Modeling seasonal surface runoff and base flow based on the generalized proportionality hypothesis

- Test the generalized proportionality hypothesis at the seasonal scale.
- Develop a seasonal model for surface runoff and base flow.
- Estimate initial wetting, wetting capacity, and initial evaporation.
- Evaluate the roles of rainfall variability, vegetation, soil properties and topography on seasonal runoff.

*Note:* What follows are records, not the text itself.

lemma power_nilpotence_index_mult_complement_idempotent_power:
  fixes c :: "'a::{comm_ring_1, finite}"
  assumes idem: "e * e = e" and e: "c ^ M = e" and M: "0 < M"
  shows "c ^ nilpotence_index TYPE('a) * (1 - e) = 0"
proof -
  have idem': "(1 - e) * (1 - e) = 1 - e" using idem by (simp add: algebra_simps)
  have "(c * (1 - e)) ^ M = e * (1 - e)"
    using idempotent_power[OF idem' M] e by (simp add: power_mult_distrib)
  also have "\<dots> = 0" using idem by (simp add: algebra_simps)
  finally have "(c * (1 - e)) ^ nilpotence_index TYPE('a) = 0" by (rule power_nilpotence_index)
  thus ?thesis
    using idempotent_power[OF idem' nilpotence_index_pos[where 'a = 'a]] by (simp add: power_mult_distrib)
qed

text \<open>Fitting's decomposition: c acts invertibly on the corner e R and nilpotently on (1 - e) R.\<close>
lemma power_units_exponent_mult_power_nilpotence_index:
  fixes c :: "'a::{comm_ring_1, finite}"
  shows "c ^ units_exponent TYPE('a) * c ^ nilpotence_index TYPE('a) = c ^ nilpotence_index TYPE('a)"
proof -
  obtain M where M: "0 < M" "c ^ M * c ^ M = c ^ M" by (rule finite_power_idempotent)
  let ?e = "c ^ M" and ?\<alpha> = "units_exponent TYPE('a)" and ?\<beta> = "nilpotence_index TYPE('a)"
  have "c ^ ?\<beta> = c ^ ?\<beta> * ?e + c ^ ?\<beta> * (1 - ?e)" by (simp add: algebra_simps)
  hence corner: "c ^ ?\<beta> = c ^ ?\<beta> * ?e"
    using power_nilpotence_index_mult_complement_idempotent_power[OF M(2) refl M(1)] by simp
  also have "\<dots> = c ^ ?\<beta> * (c ^ ?\<alpha> * ?e)"
    using power_units_exponent_mult_idempotent_power[OF M(2) refl M(1)] by simp
  also have "\<dots> = c ^ ?\<alpha> * (c ^ ?\<beta> * ?e)" by (simp only: ac_simps)
  also have "\<dots> = c ^ ?\<alpha> * c ^ ?\<beta>" by (simp only: corner[symmetric])
  finally show ?thesis by simp
qed
(* Let $\theta_\star\in\mathbb{R}^d$ be fixed, let $\Sigma=\mathbb{E}[XX^\top]=\sum_{j=1}^d\lambda_j(\Sigma)v_jv_j^\top$ with $(v_j)_{j\in[d]}$ an orthonormal eigenbasis, and assume the components $(v_j^\top X)_{j\in[d]}$ are independent and each symmetric. Let $\hat f(x)=\sum_{i=1}^n l_i(x,(X_k)_{k\in[n]})Y_i$ be a linear prediction rule such that for every orthogonal matrix $O$, $l_i(x,(X_k)_{k\in[n]})=l_i(Ox,(OX_k)_{k\in[n]})$ almost surely. Let $\nu$ be the law of $\sum_{j=1}^d\varepsilon_j(v_j^\top\theta_\star)v_j$ with $\varepsilon_j$ i.i.d. Rademacher, so that $H=\mathbb{E}_\nu[\theta\theta^\top]=\sum_j(v_j^\top\theta_\star)^2v_jv_j^\top$ and $\Sigma_{\theta_\star}:=H^{1/2}\Sigma H^{1/2}=\sum_{j\in[d]}\lambda_j(\Sigma)(v_j^\top\theta_\star)^2v_jv_j^\top$. Then $$\mathcal{E}_{\sigma^2}(\hat f)\ge\bar{\mathcal{E}}(\Sigma_{\theta_\star};\sigma^2),$$ where $\bar{\mathcal{E}}(\Sigma_{\theta_\star};\sigma^2)=\inf_{\hat g}\mathbb{E}_{\theta\sim\nu}[\mathcal{E}_{\sigma^2}(\hat g)]$.
   Context: Setting: $(X,Y)\in\mathbb{R}^d\times\mathbb{R}$ satisfies $Y=X^\top\theta+\epsilon$ with $\mathbb{E}[\epsilon\mid X]=0$, $\mathbb{E}[\epsilon^2\mid X]=\sigma^2$, for a parameter $\theta$ ($\theta=\theta_\star$ on the left-hand side). Training data $(X_i,Y_i)_{i\in[n]}$ are i.i.d. copies of $(X,Y)$, independent of a test pair. A linear prediction rule is $\hat g(x)=\sum_{i=1}^n l_i(x)Y_i$ with each $l_i$ a (possibly random) function of $x$, $(X_i)_{i\in[n]}$ and independent randomness. $R(f)=\mathbb{E}[(Y-f(X))^2]$, $\mathcal{E}_{\sigma^2}(\hat g)=\mathbb{E}[R(\hat g)]-\sigma^2$ (expectation over training data). The infimum defining $\bar{\mathcal{E}}$ is over all linear prediction rules, with $\theta\sim\nu$ drawn independently of the data. *)

theory Defs
  imports "HOL-Probability.Probability"
begin

text \<open>Joint law of the covariate X (law PX) and the noise e, where K x is the
  conditional law of the noise given X = x.\<close>
definition noise_joint :: "(real^'d) measure \<Rightarrow> (real^'d \<Rightarrow> real measure) \<Rightarrow> ((real^'d) \<times> real) measure" where
  "noise_joint PX K = PX \<bind> (\<lambda>x. distr (K x) (borel \<Otimes>\<^sub>M borel) (\<lambda>e. (x, e)))"

definition data_law :: "(real^'d) measure \<Rightarrow> (real^'d \<Rightarrow> real measure) \<Rightarrow> real^'d \<Rightarrow> ((real^'d) \<times> real) measure" where
  "data_law PX K \<theta> = distr (noise_joint PX K) (borel \<Otimes>\<^sub>M borel) (\<lambda>(x, e). (x, x \<bullet> \<theta> + e))"
lemma permute_mat_four_block:
  assumes B: "B \<in> carrier_mat (m + d) (m + d)" and \<pi>: "\<And>k. k < m + d \<Longrightarrow> \<pi> k < m + d"
    and zero: "\<And>i j. i < m + d \<Longrightarrow> j < m + d \<Longrightarrow> (i < m) \<noteq> (j < m) \<Longrightarrow> B $$ (\<pi> i, \<pi> j) = 0"
  shows "permute_mat (m + d) \<pi> B = four_block_mat
    (mat m m (\<lambda>(i, j). B $$ (\<pi> i, \<pi> j))) (0\<^sub>m m d) (0\<^sub>m d m)
    (mat d d (\<lambda>(i, j). B $$ (\<pi> (m + i), \<pi> (m + j))))"
  by (rule eq_matI) (use zero in \<open>auto simp: permute_mat_def\<close>)

definition weighted_diag_spectral :: "nat \<Rightarrow> (nat \<Rightarrow> real) \<Rightarrow> complex mat \<Rightarrow> bool" where
  "weighted_diag_spectral n c B \<longleftrightarrow> (\<exists>ls \<sigma>. length ls = n \<and> char_poly B = (\<Prod>a\<leftarrow>ls. [:- a, 1:]) \<and>
     bij_betw \<sigma> {..<n} {..<n} \<and>
     (\<Sum>j<n. complex_of_real (c j) * B $$ (j, j)) = (\<Sum>j<n. complex_of_real (c j) * ls ! \<sigma> j))"

lemma weighted_diag_spectral_permute_mat:
  fixes B :: "complex mat"
  assumes B: "B \<in> carrier_mat n n" and \<pi>: "bij_betw \<pi> {..<n} {..<n}"
    and "weighted_diag_spectral n (c \<circ> \<pi>) (permute_mat n \<pi> B)"
  shows "weighted_diag_spectral n c B"
proof -
  obtain ls \<sigma> where ls: "length ls = n" "char_poly (permute_mat n \<pi> B) = (\<Prod>a\<leftarrow>ls. [:- a, 1:])"
    and \<sigma>: "bij_betw \<sigma> {..<n} {..<n}"
    and sums: "(\<Sum>k<n. complex_of_real (c (\<pi> k)) * permute_mat n \<pi> B $$ (k, k))
      = (\<Sum>k<n. complex_of_real (c (\<pi> k)) * ls ! \<sigma> k)"
    using assms(3) unfolding weighted_diag_spectral_def by auto
  define \<sigma>' where "\<sigma>' = \<sigma> \<circ> inv_into {..<n} \<pi>"
  have \<sigma>': "bij_betw \<sigma>' {..<n} {..<n}"
    unfolding \<sigma>'_def by (rule bij_betw_trans[OF bij_betw_inv_into[OF \<pi>] \<sigma>])
  have \<sigma>'\<pi>: "\<sigma>' (\<pi> k) = \<sigma> k" if "k < n" for k
    using that \<pi> by (simp add: \<sigma>'_def bij_betw_def inv_into_f_f)
  have "(\<Sum>j<n. complex_of_real (c j) * B $$ (j, j))
      = (\<Sum>k<n. complex_of_real (c (\<pi> k)) * B $$ (\<pi> k, \<pi> k))"
    using sum.reindex_bij_betw[OF \<pi>, of "\<lambda>j. complex_of_real (c j) * B $$ (j, j)"] by simp
  also have "\<dots> = (\<Sum>k<n. complex_of_real (c (\<pi> k)) * ls ! \<sigma> k)"
    unfolding sums[symmetric] by (intro sum.cong) (auto simp: permute_mat_def)
  also have "\<dots> = (\<Sum>j<n. complex_of_real (c j) * ls ! \<sigma>' j)"
    using sum.reindex_bij_betw[OF \<pi>, of "\<lambda>j. complex_of_real (c j) * ls ! \<sigma>' j"] \<sigma>'\<pi> by simp
  finally show ?thesis
    using ls \<sigma>' char_poly_permute_mat[OF B \<pi>] unfolding weighted_diag_spectral_def by auto
qed

lemma weighted_diag_spectral_four_block:
  fixes B1 B4 :: "complex mat"
  assumes B1: "B1 \<in> carrier_mat m m" and B4: "B4 \<in> carrier_mat d d"
    and c: "\<And>k. k < m \<Longrightarrow> c k = \<gamma>" and "weighted_diag_spectral d (\<lambda>k. c (m + k)) B4"
  shows "weighted_diag_spectral (m + d) c (four_block_mat B1 (0\<^sub>m m d) (0\<^sub>m d m) B4)"
proof -
  let ?B = "four_block_mat B1 (0\<^sub>m m d) (0\<^sub>m d m) B4"
  obtain ls4 \<sigma>4 where "length ls4 = d" and cp4: "char_poly B4 = (\<Prod>a\<leftarrow>ls4. [:- a, 1:])"
    and \<sigma>4: "bij_betw \<sigma>4 {..<d} {..<d}"
    and sum4: "(\<Sum>k<d. complex_of_real (c (m + k)) * B4 $$ (k, k))
      = (\<Sum>k<d. complex_of_real (c (m + k)) * ls4 ! \<sigma>4 k)"
    using assms(4) unfolding weighted_diag_spectral_def by blast
  obtain es1 where "length es1 = m" and cp1: "char_poly B1 = (\<Prod>a\<leftarrow>es1. [:- a, 1:])"
    and tr1: "(\<Sum>k<m. B1 $$ (k, k)) = sum_list es1"
    using trace_eq_sum_eigenvalues[OF B1] by blast
  define \<rho> where "\<rho> k = (if k < m then k else m + \<sigma>4 (k - m))" for k
  have "char_poly ?B = char_poly B1 * char_poly B4"
    by (rule char_poly_0_block[OF refl]) (use char_poly_factorized B1 B4 in auto)
  moreover have "(\<Sum>k<m + d. complex_of_real (c k) * ?B $$ (k, k))
      = complex_of_real \<gamma> * sum_list es1 + (\<Sum>k<d. complex_of_real (c (m + k)) * B4 $$ (k, k))"
    unfolding sum_lessThan_add_split tr1[symmetric] sum_distrib_left
    using B1 B4 c by (auto intro!: sum.cong)
  moreover have "\<dots> = (\<Sum>k<m + d. complex_of_real (c k) * (es1 @ ls4) ! \<rho> k)"
    unfolding sum_lessThan_add_split sum4 sum_list_sum_nth
    using c \<open>length es1 = m\<close>
    by (simp add: \<rho>_def nth_append sum_distrib_left atLeast0LessThan)
  moreover have "bij_betw \<rho> {..<m + d} {..<m + d}"
    unfolding \<rho>_def using \<sigma>4 by (rule bij_betw_shift_extend)
  ultimately show ?thesis
    using \<open>length es1 = m\<close> \<open>length ls4 = d\<close> cp1 cp4
    unfolding weighted_diag_spectral_def by (intro exI[of _ "es1 @ ls4"] exI[of _ \<rho>]) auto
qed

SummaryThe proportionality hypothesis, originating from the curve number method at the event scale, is extended for modeling runoff in the water-limited and energy-limited seasons, respectively. The proposed seasonal runoff model includes three parameters for two separate seasons, which are wetting capacity, initial wetting and initial evaporation. The parameters for 203 watersheds from the United States are estimated, and the empirical relationships between the parameters and watershed properties, which include duration of the season, duration, intensity and frequency of rainfall events, Normalized Difference Vegetation Index (NDVI) and soil saturated hydraulic properties, are obtained for applications in ungauged watersheds. These empirical equations present physical controls on runoff at the seasonal scale besides climate seasonality. The Nash-Sutcliffe Efficiency coefficient of the seasonal runoff simulation for total runoff is higher than 0.5 in 86% (77%) of the study watersheds; while the surface runoff is 38% (46%) and the base flow is 92% (78%) in the energy-limited seasons (water-limited seasons). This paper shows the potential application of the proportionality hypothesis for estimating seasonal runoff, which is valuable for water resources planning and management.